If we set the explain
parameter to true, Elasticsearch will include additional explain
information with each document in the result—such as the shard from which the document was fetched and the detailed information about the scoring calculation (we will talk more about it in the Understanding the explain information section in Chapter 6, Make Your Search Better). Also remember not to fetch the explain information during normal search queries because it requires additional resources and adds performance degradation to the queries.

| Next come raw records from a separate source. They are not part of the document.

lemma progressions_below_lower_bound:
  fixes cls :: "nat \<Rightarrow> nat \<Rightarrow> 'c"
  assumes q: "q \<ge> 2" and k: "k \<ge> 1" and C: "finite C" "\<And>j x. cls j x \<in> C"
    and complete: "\<And>w. \<exists>n m. \<forall>j<k. \<forall>x. cls j x = w j \<longrightarrow> R j (x + digit_sum q (n + j * m))"
  shows "\<exists>c>0. \<forall>\<^sub>F N in sequentially. c * real N ^ 2
    \<le> real (card (progressions_below N k (\<lambda>n m. \<forall>j<k. R j (digit_sum q (n + j * m)))))"
proof -
  let ?G = "\<lambda>N. progressions_below N k (\<lambda>n m. \<forall>j<k. R j (digit_sum q (n + j * m)))"
  define Pats where "Pats = PiE {..<k} (\<lambda>_. C)"
  obtain nw mw where nmw: "\<And>w. \<forall>j<k. \<forall>x. cls j x = w j \<longrightarrow> R j (x + digit_sum q (nw w + j * mw w))"
    using complete by metis
  define K where "K = Max (nw ` Pats \<union> mw ` Pats)"
  define D where "D = 2 * q * k * (1 + k * K)"
  define c where "c = 1 / (4 * real D ^ 2 * real (card Pats))"
  have Pats: "finite Pats" "Pats \<noteq> {}"
    using C by (auto simp: Pats_def PiE_eq_empty_iff intro: finite_PiE)
  have bounded: "\<exists>n m. n \<le> K \<and> m \<le> K \<and>
      (\<forall>j<k. \<forall>x. cls j x = w j \<longrightarrow> R j (x + digit_sum q (n + j * m)))"
    if "w \<in> PiE {..<k} (\<lambda>_. C)" for w
  proof -
    have "nw w \<le> K" "mw w \<le> K"
      using that Pats(1) by (auto simp: K_def Pats_def)
    then show ?thesis
      using nmw[of w] by blast
  qed
  have "D > 0"
    using q k by (simp add: D_def)
  have "c * real N ^ 2 \<le> real (card (?G N))" if "N \<ge> D" for N
  proof -
    define M where "M = N div D"
    have "M \<ge> 1"
      using that \<open>D > 0\<close> by (simp add: M_def div_greater_zero_iff Suc_le_eq)
    have "N ^ 2 \<le> 4 * D ^ 2 * (M * M)"
      unfolding M_def using \<open>D > 0\<close> that by (rule square_le_mult_div_square)
    have "D * M \<le> N"
      by (simp add: M_def)
    then have "2 * q * k * (1 + k * K) * M \<le> N"
      by (simp add: D_def)
    from card_progressions_below_ge_square[OF q k C bounded \<open>M \<ge> 1\<close> this]
    have "4 * D ^ 2 * (M * M) \<le> 4 * D ^ 2 * (card (?G N) * card Pats)"
      unfolding Pats_def by (rule mult_le_mono2)
    with \<open>N ^ 2 \<le> 4 * D ^ 2 * (M * M)\<close> have "N ^ 2 \<le> 4 * D ^ 2 * (card (?G N) * card Pats)"
      by (rule order_trans)
    then have "real (N ^ 2) \<le> real (4 * D ^ 2 * (card (?G N) * card Pats))"
      by (rule of_nat_mono)
    then have bound: "real N ^ 2 \<le> (4 * real D ^ 2 * real (card Pats)) * real (card (?G N))"
      by (simp only: of_nat_mult of_nat_power of_nat_numeral mult_ac)
    have "4 * real D ^ 2 * real (card Pats) > 0"
      using Pats \<open>D > 0\<close> by (simp add: card_gt_0_iff)
    then show ?thesis
      using bound by (simp add: c_def pos_divide_le_eq mult.commute)
  qed
  then have "\<forall>\<^sub>F N in sequentially. c * real N ^ 2 \<le> real (card (?G N))"
    by (rule eventually_sequentiallyI)
  moreover have "c > 0"
    using Pats \<open>D > 0\<close> by (simp add: c_def card_gt_0_iff)
  ultimately show ?thesis
    by blast
qed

For example, a query that includes explain information could look as follows:
The results returned by Elasticsearch for the preceding query would be as follows:
{
"took" : 2,
"timed_out" : false,
"_shards" : {
"total" : 5,
"successful" : 5,
"failed" : 0
},
"hits" : {
"total" : 2,
"max_score" : 0.70273256,
"hits" : [ {
"_shard" : 2,
"_node" : "v5iRsht9SOWVzu-GY-YHlA",
"_index" : "books",
"_type" : "solr",
"_id" : "2",
"_score" : 0.70273256,
"_source" : {
"title" : "Solr Cookbook Third Edition",
"published" : 2015
},
"_explanation" : {
"value" : 0.70273256,
"description" : "weight(title:solr in 0) [PerFieldSimilarity], result of:",
"details" : [ {
"value" : 0.70273256,
"description" : "fieldWeight in 0, product of:",
"details" : [ {
"value" : 1.0,
"description" : "tf(freq=1.0), with freq of:",
"details" : [ {
"value" : 1.0,
"description" : "termFreq=1.0",
"details" : [ ]
} ]
}, {
"value" : 1.4054651,
"description" : "idf(docFreq=1, maxDocs=3)",
"details" : [ ]
}, {
"value" : 0.5,
"description" : "fieldNorm(doc=0)",
"details" : [ ]
} ]
} ]
}
}, {
"_shard" : 3,
"_node" : "v5iRsht9SOWVzu-GY-YHlA",
"_index" : "books",
"_type" : "solr",
"_id" : "1",
"_score" : 0.5,
"_source" : {
"title" : "Apache Solr 4 Cookbook",
"published" : 2012
},
"_explanation" : {
"value" : 0.5,
"description" : "weight(title:solr in 1) [PerFieldSimilarity], result of:",
"details" : [ {
"value" : 0.5,
"description" : "fieldWeight in 1, product of:",
"details" : [ {
"value" : 1.0,
"description" : "tf(freq=1.0), with freq of:",
"details" : [ {
"value" : 1.0,
"description" : "termFreq=1.0",
"details" : [ ]
} ]
}, {
"value" : 1.0,
"description" : "idf(docFreq=1, maxDocs=2)",
"details" : [ ]
}, {
"value" : 0.5,
"description" : "fieldNorm(doc=1)",
"details" : [ ]
} ]
} ]
}
} ]
}
}
By default, for each document returned, Elasticsearch will include the index
name, the type
name, the document
identifier, score
, and the _source
field. We can modify this behavior by adding the fields
parameter and specifying a comma-separated list of field names. The field will be retrieved from the stored fields (if they exist; we will discuss them in Chapter 2, Indexing Your Data) or from the internal _source
field. By default, the value of the fields parameter is _source
. An example is: fields=title,priority
.
We can also disable the fetching of the _source
field by adding the _source
parameter with its value set to false
.
Using the sort
parameter, we can specify custom sorting. The default behavior of Elasticsearch is to sort the returned documents in descending order of the value of the _score
field. If we want to sort our documents differently, we need to specify the sort
parameter. For example, adding sort=published:desc
will sort the documents in descending order of published field. By adding the sort=published:asc
parameter, we will tell Elasticsearch to sort the documents on the basis of the published field in ascending order.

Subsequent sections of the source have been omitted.